- Genre: comedy, stand-up comedy
- Created by: Claire Haugh, Darren Chau, Sarah Gerrand
- Directed by: Jon Olb (2009), Paul Drane (2010)
- Presented by: Julia Morris, Grant Denyer, Corinne Grant
- Starring: Rebel Wilson, Mick Molloy, Hannah Gadsby, Celia Pacquola, Jordan Raskopoulos, Sam Simmons, Tom Ballard, Fiona O'Loughlin, Dave Thornton, Toby Truslove, Claire Hooper, Cal Wilson, Felicity Ward, Denise Scott, Mark Mitchell
- Country of origin: Australia
- Original language: English
- No. of seasons: 2
- No. of episodes: 2

Production
- Executive producer: Darren Chau
- Producer: Claire Haugh
- Editor: Charme Lee (2010)
- Camera setup: John Balgue, Renzo Beltrame, Paul Bossio, David Mckell, Soner Tunchay, George Vernon
- Running time: 60 minutes (with commercials)
- Production companies: Foxtel, Teleplay, Entourage Marketing & Events Ltd, National Breast Cancer Foundation (Australia)

Original release
- Network: The Comedy Channel
- Release: 1 November 2009

= The Breast Darn Show in Town =

The Breast Darn Show in Town is an Australian comedy event created and executive produced by the Comedy Channel programming director Darren Chau and Alex Ristevski Comedy Channel Manager, with Claire Haugh as producer and Sarah Gerrand of Entourage Marketing & Events handling sponsorship and front of stage management. Sponsored by Ford Australia in aid of the National Breast Cancer Foundation.
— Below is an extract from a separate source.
(* Let $n\ge2$, $f\in C^n(\mathbb{R})$, $2\le\kappa\le n$, $\alpha=(\alpha_0,\dots,\alpha_\kappa)\in\mathbb{N}_{\ge0}^{\kappa+1}$ with $|\alpha|\le n+1$, and $(\lambda_0,\dots,\lambda_\kappa)\in\mathbb{R}^{\kappa+1}$ such that for some $i\ne j$ we have $\lambda_i\ne\lambda_j$ and $\alpha_i,\alpha_j>0$. Then for every $k\in\{0,\dots,\kappa\}\setminus\{i,j\}$, \begin{align*} f[\lambda_i^{(\alpha_i)},\lambda_k^{(\alpha_k)},\lambda_j^{(\alpha_j)},\widetilde\lambda^{(\widetilde\alpha)}] =&\sum_{l=0}^{\alpha_i-1}p_{\alpha_j,l}\Big(\frac{\lambda_i-\lambda_k}{\lambda_i-\lambda_j}\Big) f[\lambda_i^{(\alpha_i-l)},\lambda_k^{(\alpha_k+\alpha_j+l)},\widetilde\lambda^{(\widetilde\alpha)}]\\ &+\sum_{l=0}^{\alpha_j-1}p_{\alpha_i,l}\Big(\frac{\lambda_k-\lambda_j}{\lambda_i-\lambda_j}\Big) f[\lambda_k^{(\alpha_k+\alpha_i+l)},\lambda_j^{(\alpha_j-l)},\widetilde\lambda^{(\widetilde\alpha)}], \end{align*} where $\widetilde\lambda^{(\widetilde\alpha)}$ denotes the list of the remaining variables $\lambda_m^{(\alpha_m)}$, $m\in\{0,\dots,\kappa\}\setminus\{i,j,k\}$, and $p_{a,l}(x)=\binom{a+l-1}{l}x^{a}(1-x)^{l}$.
   Context: Divided differences: for $f\in C^n(\mathbb{R})$ set $f^{[0]}=f$ and for $1\le k\le n$, $f^{[k]}(\lambda_0,\lambda_1,\lambda)=\frac{f^{[k-1]}(\lambda_0,\lambda)-f^{[k-1]}(\lambda_1,\lambda)}{\lambda_0-\lambda_1}$ if $\lambda_0\ne\lambda_1$, and $=\frac{d}{d\mu}f^{[k-1]}(\mu,\lambda)|_{\mu=\lambda_0}$ if $\lambda_0=\lambda_1$; these are symmetric in their arguments. Notation: for reals $\mu_0,\dots,\mu_m$ and nonnegative integers $\beta_0,\dots,\beta_m$ with $N=\sum\beta_r\ge1$, $f[\mu_0^{(\beta_0)},\dots,\mu_m^{(\beta_m)}]:=f^{[N-1]}$ evaluated at the list in which $\mu_r$ is repeated $\beta_r$ times. *)

theory Defs
  imports "HOL-Analysis.Analysis"
begin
Filmed at the Melbourne Town Hall, the format features a range of television, film, and comedic performers including Rebel Wilson, Mick Molloy, Hannah Gadsby, Bev Killick, Tom Gleeson, Joel Creasey, Jeff Green, Tommy Dean, Celia Pacquola, Jordan Raskopoulos, Sam Simmons, Tom Ballard, Fiona O'Loughlin, Dave Thornton, Toby Truslove, Claire Hooper, Cal Wilson, Felicity Ward, Justin Hamilton, Denise Scott and Mark Mitchell as Con the Fruiterer. The first special was hosted by Julia Morris premiered on the Comedy Channel on 1 November 2009. The second special was hosted by Grant Denyer and Corinne Grant and premiered on the Comedy Channel on 5 November 2010.

A comeback series is planned for 2020.